Entries follow. Give back exactly the lines starting at the one containing "Summing the upper" and ending at the one containing "For the lower", and no other lines.

The data:
+++
(* There exist constants $c,C>0$ such that for all $x\in\Omega$, $$c\,\delta(x)^s|\log\delta(x)| \le \varphi_\delta(x)\le C\,\delta(x)^s\bigl(1+|\log\delta(x)|\bigr).$$
   Context: Setting: $n\ge 2$, $s\in(0,1)$, $\Omega\subset\mathbb R^n$ bounded domain with $C^2$ boundary, $\delta(x)=\operatorname{dist}(x,\mathbb R^n\setminus\Omega)$. Let $\mathbb G_s$ be the Green function of the restricted fractional Laplacian $(-\Delta)^s$ (defined by $c_{n,s}\,\mathrm{P.V.}\int_{\mathbb R^n}\frac{u(x)-u(y)}{|x-y|^{n+2s}}dy$) in $\Omega$ with zero exterior condition; it satisfies the two-sided estimate $\mathbb G_s(x,y)\asymp |x-y|^{2s-n}\bigl(\frac{\delta(x)}{|x-y|}\wedge1\bigr)^s\bigl(\frac{\delta(y)}{|x-y|}\wedge1\bigr)^s$. Define $\varphi_\delta(x)=\int_\Omega \mathbb G_s(x,y)\,\delta(y)^{-s}\,dy$, i.e. the solution of $(-\Delta)^s\varphi_\delta=\delta^{-s}$ in $\Omega$, $\varphi_\delta=0$ in $\mathbb R^n\setminus\Omega$. *)

theory Defs
  imports "HOL-Analysis.Analysis"
begin

definition bdist :: "(real^'n) set \<Rightarrow> real^'n \<Rightarrow> real" where
  "bdist \<Omega> x = infdist x (- \<Omega>)"

definition C2_on :: "(real^'n) set \<Rightarrow> (real^'n \<Rightarrow> real) \<Rightarrow> bool" where
  "C2_on U f \<longleftrightarrow> (\<exists>D H. (\<forall>x\<in>U. (f has_derivative (\<lambda>h. D x \<bullet> h)) (at x))
      \<and> (\<forall>x\<in>U. (D has_derivative (\<lambda>h. H x *v h)) (at x))
      \<and> continuous_on U H)"

definition C2_boundary :: "(real^'n) set \<Rightarrow> bool" where
  "C2_boundary \<Omega> \<longleftrightarrow> (\<forall>p\<in>frontier \<Omega>. \<exists>U \<rho> D. open U \<and> p \<in> U \<and> C2_on U \<rho>
      \<and> (\<forall>x\<in>U. (\<rho> has_derivative (\<lambda>h. D x \<bullet> h)) (at x) \<and> D x \<noteq> 0)
      \<and> \<Omega> \<inter> U = {x\<in>U. \<rho> x < 0})"

definition frac_const :: "nat \<Rightarrow> real \<Rightarrow> real" where
  "frac_const n s = s * 4 powr s * Gamma (real n / 2 + s) / (pi powr (real n / 2) * Gamma (1 - s))"

definition frac_lap_at :: "real \<Rightarrow> (real^'n \<Rightarrow> real) \<Rightarrow> real^'n \<Rightarrow> real \<Rightarrow> bool" where
  "frac_lap_at s u x L \<longleftrightarrow>
     (\<forall>e>0. integrable lborel
        (\<lambda>y. indicator {y. e < dist x y} y * (u x - u y) / dist x y powr (real CARD('n) + 2 * s)))
   \<and> ((\<lambda>e. frac_const CARD('n) s * (LINT y|lborel.
        indicator {y. e < dist x y} y * (u x - u y) / dist x y powr (real CARD('n) + 2 * s)))
        \<longlongrightarrow> L) (at_right 0)"

definition frac_green :: "real \<Rightarrow> (real^'n) set \<Rightarrow> (real^'n \<Rightarrow> real^'n \<Rightarrow> real) \<Rightarrow> bool" where
  "frac_green s \<Omega> G \<longleftrightarrow>
     (\<forall>x\<in>\<Omega>. G x \<in> borel_measurable lborel) \<and>
     (\<forall>f. C2_on UNIV f \<and> compact (closure {y. f y \<noteq> 0}) \<and> closure {y. f y \<noteq> 0} \<subseteq> \<Omega> \<longrightarrow>
        (\<forall>x\<in>\<Omega>. frac_lap_at s (\<lambda>z. if z \<in> \<Omega> then (LINT y:\<Omega>|lborel. G z y * f y) else 0) x (f x)))"

definition phi_delta :: "real \<Rightarrow> (real^'n) set \<Rightarrow> (real^'n \<Rightarrow> real^'n \<Rightarrow> real) \<Rightarrow> real^'n \<Rightarrow> real" where
  "phi_delta s \<Omega> G x = (LINT y:\<Omega>|lborel. G x y * bdist \<Omega> y powr (- s))"

end

theory Submission
  imports Defs
begin

text \<open>
  Inserting the two-sided Green estimate and \<open>\<delta>(y) \<le> \<delta>(x) + |x - y|\<close>, the integrand of
  \<open>\<phi>\<^sub>\<delta>(x)\<close> lies between a multiple of \<open>\<delta>(x)^s max(|x - y|, \<delta>(x))^(-n)\<close> and a multiple of
  \<open>min(|x - y|^(s-n), \<delta>(x)^s |x - y|^(-n))\<close>.
  Summing the upper kernel over the dyadic shells \<open>|x - y| \<approx> 2^(-k) diam \<Omega>\<close> gives
  \<open>\<delta>(x)^s\<close> times the number of shells above scale \<open>\<delta>(x)\<close>, i.e. \<open>O(\<delta>(x)^s (1 + |log \<delta>(x)|))\<close>.
  For the lower bound, the \<open>C\<^sup>2\<close> boundary provides a uniform interior cone at every point close
  to \<open>\<partial>\<Omega>\<close>; it contains \<open>\<approx> |log \<delta>(x)|\<close> disjoint balls at dyadic distances from \<open>x\<close>, each
  contributing \<open>\<approx> \<delta>(x)^s\<close>. Away from the boundary the ball \<open>B(x, \<delta>(x))\<close> alone contributes
  \<open>\<approx> \<delta>(x)^s\<close>, which dominates \<open>\<delta>(x)^s |log \<delta>(x)|\<close> there.
\<close>

lemma bdist_pos:
  fixes \<Omega> :: "(real^'n) set"
  assumes "open \<Omega>" "bounded \<Omega>" "x \<in> \<Omega>"
  shows "0 < bdist \<Omega> x"
proof -
  have "- \<Omega> \<noteq> {}"
  proof
    assume "- \<Omega> = {}"
    then have "\<Omega> = UNIV" by auto
    with assms(2) show False by simp
  qed
  then show ?thesis
    unfolding bdist_def using assms by (intro infdist_pos_not_in_closed) auto
qed

lemma ball_bdist_subset: "ball x (bdist \<Omega> x) \<subseteq> \<Omega>"
proof
  fix y assume "y \<in> ball x (bdist \<Omega> x)"
  then show "y \<in> \<Omega>"
    unfolding bdist_def using infdist_le[of y "- \<Omega>" x] by (cases "y \<in> \<Omega>") auto
qed

lemma bdist_le_bdist_add_dist: "bdist \<Omega> y \<le> bdist \<Omega> x + dist x y"
  unfolding bdist_def using infdist_triangle[of y "- \<Omega>" x] by (simp add: dist_commute)

lemma bounded_bdist_diameter_bound:
  fixes \<Omega> :: "(real^'n) set"
  assumes "bounded \<Omega>"
  obtains R where "0 < R" "\<And>x y. x \<in> \<Omega> \<Longrightarrow> y \<in> \<Omega> \<Longrightarrow> dist x y < R"
    "\<And>x. x \<in> \<Omega> \<Longrightarrow> bdist \<Omega> x \<le> R"
proof -
  obtain r where r: "0 < r" "\<Omega> \<subseteq> ball 0 r"
    using bounded_subset_ballD[OF assms] by blast
  have "dist x y < 2 * r" if "x \<in> \<Omega>" "y \<in> \<Omega>" for x y :: "real^'n"
  proof -
    have "dist x 0 < r" "dist 0 y < r" using r that by (auto simp: dist_commute)
    then show ?thesis using dist_triangle[of x y 0] by linarith
  qed
  moreover have "bdist \<Omega> x \<le> 2 * r" if "x \<in> \<Omega>" for x
  proof -
    have "ball x (bdist \<Omega> x) \<subseteq> ball 0 r"
      using ball_bdist_subset r by blast
    then show ?thesis
      using r by (auto simp: ball_subset_ball_iff) (smt (verit) norm_ge_zero)
  qed
  ultimately show ?thesis
    using that r by (metis mult_pos_pos zero_less_numeral)
qed

lemma compact_subset_bdist_ge:
  fixes \<Omega> :: "(real^'n) set"
  assumes "open \<Omega>" "bounded \<Omega>" "compact K" "K \<subseteq> \<Omega>"
  obtains d0 where "0 < d0" "\<And>x. x \<in> K \<Longrightarrow> d0 \<le> bdist \<Omega> x"
proof (cases "K = {}")
  case True
  then show ?thesis using that[of 1] by auto
next
  case False
  have "continuous_on K (bdist \<Omega>)"
    unfolding bdist_def by (intro continuous_intros)
  then obtain k where "k \<in> K" "\<forall>y\<in>K. bdist \<Omega> k \<le> bdist \<Omega> y"
    using continuous_attains_inf[OF assms(3) False] by blast
  then show ?thesis
    using that[of "bdist \<Omega> k"] bdist_pos[OF assms(1,2)] assms(4) by auto
qed

lemma dist_cone_ball:
  fixes x y \<nu> :: "real^'n"
  assumes "norm \<nu> = 1" "0 < \<sigma>" "y \<in> ball (x - \<sigma> *\<^sub>R \<nu>) (\<sigma>/8)"
  shows "7*\<sigma>/8 < dist x y" "dist x y < 9*\<sigma>/8"
proof -
  have "dist x (x - \<sigma> *\<^sub>R \<nu>) = \<sigma>" using assms by (simp add: dist_norm)
  then show "7*\<sigma>/8 < dist x y" "dist x y < 9*\<sigma>/8"
    using assms(3) dist_triangle[of x y "x - \<sigma> *\<^sub>R \<nu>"] dist_triangle[of x "x - \<sigma> *\<^sub>R \<nu>" y]
    by (auto simp: dist_commute)
qed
+++
Answer to this problem:
  Summing the upper kernel over the dyadic shells \<open>|x - y| \<approx> 2^(-k) diam \<Omega>\<close> gives
  \<open>\<delta>(x)^s\<close> times the number of shells above scale \<open>\<delta>(x)\<close>, i.e. \<open>O(\<delta>(x)^s (1 + |log \<delta>(x)|))\<close>.
  For the lower bound, the \<open>C\<^sup>2\<close> boundary provides a uniform interior cone at every point close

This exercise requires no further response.